Oficina de atores em Barra Longa, Minas Gerais. No processo participativo, o estudo escutou a comunidade local para saber quais suas motivações para restaurar (foto: Marcelo Matsumoto/WRI Brasil)

O que motiva os produtores a restaurar

Para que a restauração tenha sucesso, ela precisa oferecer benefícios aos produtores rurais e pequenos agricultores. É preciso compreender como que o plantio de árvores e florestas pode beneficiar as pessoas de forma duradoura. Por meio de consultas aos atores locais, o relatório identificou três fatores motivadores desse processo:

  1. Água: a questão da qualidade da água sempre foi relevante na região, acostumada a contaminações que ocorreram no passado por conta da mineração. Com o rompimento da barragem de Fundão, o tema ficou ainda mais sensível. A restauração florestal é entendida por atores locais como uma importante contribuição para melhoria dos recursos hídricos. As florestas retêm sedimentos e evitam a erosão, melhorando a qualidade da água.

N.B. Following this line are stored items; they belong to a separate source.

lemma ln_ml_eq:
  assumes "xs \<noteq> []"
  shows "ln ((\<Prod>j\<in>set xs. real (count_list xs j) ^ count_list xs j) / real (length xs) ^ length xs)
    = (\<Sum>j\<in>set xs. nlnn (count_list xs j)) - nlnn (length xs)"
proof -
  have pos: "0 < count_list xs j" if "j \<in> set xs" for j
    using that count_list_0_iff[of xs j] by (simp add: gr0I)
  then have "ln (\<Prod>j\<in>set xs. real (count_list xs j) ^ count_list xs j)
      = (\<Sum>j\<in>set xs. ln (real (count_list xs j) ^ count_list xs j))"
    by (intro ln_prod) auto
  moreover have "(\<Prod>j\<in>set xs. real (count_list xs j) ^ count_list xs j) \<noteq> 0"
    using pos by (simp add: prod_zero_iff)
  ultimately show ?thesis using assms by (simp add: ln_div ln_realpow nlnn_def)
qed

lemma CL_eq_sum:
  "CL u v xs = (\<Sum>t<length xs. if xs ! t \<notin> set (take t xs) then ln (1 / wt u v xs t (xs ! t)) else 0)"
proof -
  have "{t. t < length xs \<and> xs ! t \<notin> set (take t xs)} = {t\<in>{..<length xs}. xs ! t \<notin> set (take t xs)}"
    by auto
  then show ?thesis unfolding CL_def by (simp only: sum.inter_filter finite_lessThan)
qed

lemma sum_diff_point_update:
  fixes f g :: "'a::finite \<Rightarrow> nat" and \<phi> :: "nat \<Rightarrow> real"
  assumes "\<And>j. j \<noteq> i \<Longrightarrow> g j = f j"
  shows "(\<Sum>j\<in>UNIV. \<phi> (g j)) - (\<Sum>j\<in>UNIV. \<phi> (f j)) = \<phi> (g i) - \<phi> (f i)"
proof -
  have "(\<Sum>j\<in>UNIV. \<phi> (g j)) - (\<Sum>j\<in>UNIV. \<phi> (f j)) = (\<Sum>j\<in>UNIV. \<phi> (g j) - \<phi> (f j))"
    by (simp add: sum_subtractf)
  also have "\<dots> = (\<Sum>j\<in>UNIV. if j = i then \<phi> (g i) - \<phi> (f i) else 0)"
    using assms by (intro sum.cong) auto
  finally show ?thesis by simp
qed

lemma ln_S_cond_beta_star_seen:
  assumes "xs \<noteq> []" "1 \<le> t" "0 < cnt xs t i"
  shows "ln (S_cond (beta_star b0 xs) u v xs t i) = ln (real (cnt xs t i)) - ln (real t)
    - ln (1 + real (m_t xs t) / (real t * ln ((real t + 1) / real (m_t xs t))))"
proof -
  define k L where "k = real (m_t xs t)" and "L = ln ((real t + 1) / k)"
  have k: "1 \<le> k" "k \<le> real t" using m_t_pos[OF assms(1,2)] m_t_le[of xs t] by (simp_all add: k_def)
  then have L: "0 < L" by (simp add: L_def)
  have "beta_star b0 xs t = k / L" using assms(2) by (simp add: beta_star_def k_def L_def add.commute)
  moreover have "real t + k / L = real t * (1 + k / (real t * L))" using assms(2) L
    by (simp add: field_simps)
  ultimately have "S_cond (beta_star b0 xs) u v xs t i = real (cnt xs t i) / (real t * (1 + k / (real t * L)))"
    using assms(3) by (simp add: S_cond_def)
  moreover have "0 < 1 + k / (real t * L)" using assms(2) L k by (simp add: add_pos_nonneg)
  ultimately have "ln (S_cond (beta_star b0 xs) u v xs t i)
      = ln (real (cnt xs t i)) - ln (real t) - ln (1 + k / (real t * L))"
    using assms(2,3) by (simp add: ln_div ln_mult)
  then show ?thesis by (simp add: k_def L_def)
qed

lemma ln_S_cond_beta_star_unseen:
  assumes "xs \<noteq> []" "1 \<le> t" "cnt xs t i = 0" "0 < wt u v xs t i"
  shows "ln (S_cond (beta_star b0 xs) u v xs t i) = ln (wt u v xs t i) - ln (real t)
    - ln (1 / real t + ln ((real t + 1) / real (m_t xs t)) / real (m_t xs t))"
proof -
  define k L where "k = real (m_t xs t)" and "L = ln ((real t + 1) / k)"
  have k: "1 \<le> k" "k \<le> real t" using m_t_pos[OF assms(1,2)] m_t_le[of xs t] by (simp_all add: k_def)
  then have L: "0 < L" by (simp add: L_def)
  have tpos: "0 < real t" using assms(2) by simp
  then have "0 < k + L * real t" using L k by (simp add: add_pos_pos)
  have "beta_star b0 xs t = k / L" using assms(2) by (simp add: beta_star_def k_def L_def add.commute)
  moreover have "k / L * w / (real t + k / L) = w / (real t * (1 / real t + L / k))" for w
  proof -
    have "real t + k / L = (k + L * real t) / L" using L by (simp add: field_simps)
    moreover have "real t * (1 / real t + L / k) = (k + L * real t) / k" using tpos k by (simp add: field_simps)
    ultimately show ?thesis using L k \<open>0 < k + L * real t\<close> by simp
  qed
  ultimately have "S_cond (beta_star b0 xs) u v xs t i
      = wt u v xs t i / (real t * (1 / real t + L / k))"
    using assms(3) by (simp add: S_cond_def)
  moreover have "0 < 1 / real t + L / k" using tpos L k by (simp add: add_pos_pos)
  ultimately have "ln (S_cond (beta_star b0 xs) u v xs t i)
      = ln (wt u v xs t i) - ln (real t) - ln (1 / real t + L / k)"
    using assms(4) tpos by (simp add: ln_div ln_mult)
  then show ?thesis by (simp add: k_def L_def)
qed

text \<open>
  \<open>prefix_regret b0 u v xs t\<close> is the regret of \<open>\<beta>\<^sup>*\<close> on the prefix \<open>x\<^sub>1\<^sub>:\<^sub>t\<close> and
  \<open>prefix_bound \<Psi> u v xs t\<close> the bound maintained for it.
\<close>
definition prefix_regret :: "real \<Rightarrow> ('a::finite \<Rightarrow> real) \<Rightarrow> (nat \<Rightarrow> real) \<Rightarrow> 'a list \<Rightarrow> nat \<Rightarrow> real" where
  "prefix_regret b0 u v xs t = (\<Sum>j\<in>UNIV. nlnn (cnt xs t j)) - nlnn t
     - (\<Sum>s<t. ln (S_cond (beta_star b0 xs) u v xs s (xs ! s)))"

definition prefix_bound ::
    "(nat \<Rightarrow> nat \<Rightarrow> real) \<Rightarrow> ('a::finite \<Rightarrow> real) \<Rightarrow> (nat \<Rightarrow> real) \<Rightarrow> 'a list \<Rightarrow> nat \<Rightarrow> real" where
  "prefix_bound \<Psi> u v xs t =
     (\<Sum>s<t. if xs ! s \<notin> set (take s xs) then ln (1 / wt u v xs s (xs ! s)) else 0)
     + (\<Sum>j\<in>UNIV. half_ln_robbins (cnt xs t j)) - ln (real t) / 2 + \<Psi> (m_t xs t) t"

  2. Renda: a restauração pode ser uma forma de diversificar e incrementar a renda do produtor rural. O estudo não sugere que o produtor substitua completamente sua produção. Pelo contrário. Ele pode integrar árvores nos seu sistema de produção, mantendo a atividade agrícola ou pecuária e, ao mesmo tempo, obter uma alternativa com a produção de madeira ou produtos florestais não madeireiros, como frutas e sementes.

  3. Engajamento social: nas consultas conduzidas durante a aplicação da metodologia foi apontada a necessidade de fortalecer os laços comunitários da região. A restauração de áreas de lazer e turismo, a arborização de praças e áreas comuns podem ajudar a fortalecer esses laços. Além disso, é preciso garantir o protagonismo da população local. São essas as pessoas que deverão ter a palavra final sobre que tipo de restauração pode ser adotada, de forma a incluir a população nas tomadas de decisão.

Dentro dessas motivações, o estudo revelou que a recuperação de 60 mil hectares na Bacia do Gualaxo poderiam endereçar pelo menos um desses benefícios.

Como transformar a restauração em renda?

Além de levantar as motivações, o relatório identificou arranjos e técnicas de restauração – as tipologias - que já existem ou que podem ser adotados na região. Entre os exemplos, há os de restauração com fins ecológicos, como a condução da regeneração natural. Mas há também propostas de intervenções com finalidade econômica.

Modelos como a silvicultura de nativas (plantio de espécies nativas de árvores para produção de madeira), sistemas agroflorestais (um sistema que mescla produção agrícola com componente florestal) e o manejo de pastagem ecológica são exemplos de arranjos que poderiam ser adotados e gerar renda para produtores e produtoras rurais. Esses modelos podem funcionar? O projeto Renovando Paisagem vem implantando Unidades Demonstrativas (UDs) desses modelos de restauração na região. O trabalho ainda está em andamento, mas produtores contemplados pelo projeto já reportam mudanças positivas na produção. O processo de restauração leva tempo e essas áreas estão sendo monitoradas para que os resultados possam ser sistematizados e comunicados devidamente no futuro.

Homem planta muda de árvore

Plantio de mudas em uma das Unidades Demonstrativas do projeto Renovando Paisagem (foto: Daniel Hunter/WRI Brasil)

Conectando com a agenda da restauração

Essa não é a primeira vez que a ROAM é aplicada no Brasil. O WRI Brasil já trabalhou em parcerias para usar a metodologia no Vale do Paraíba Paulista e no Espírito Santo. Além disso, há aplicações dessa ferramenta em outras paisagens, como Pernambuco, Pará e Distrito Federal. Uma das grandes vantagens da ROAM é estruturar as informações sobre a paisagens para que possam ser compartilhadas com parâmetros básicos em nível internacional. Assim, podemos mostrar que atores locais brasileiros estão fazendo a sua parte no esforço do país em atingir seus comprometimentos no Acordo de Paris, na Iniciativa 20x20 e no Desafio de Bonn, por exemplo. O Brasil se comprometeu a restaurar 12 milhões de hectares de florestas até 2030. A bacia do Gualaxo do Norte certamente pode fazer sua parte, com resultados positivos para a qualidade da água, geração de renda e fortalecimento da comunidade.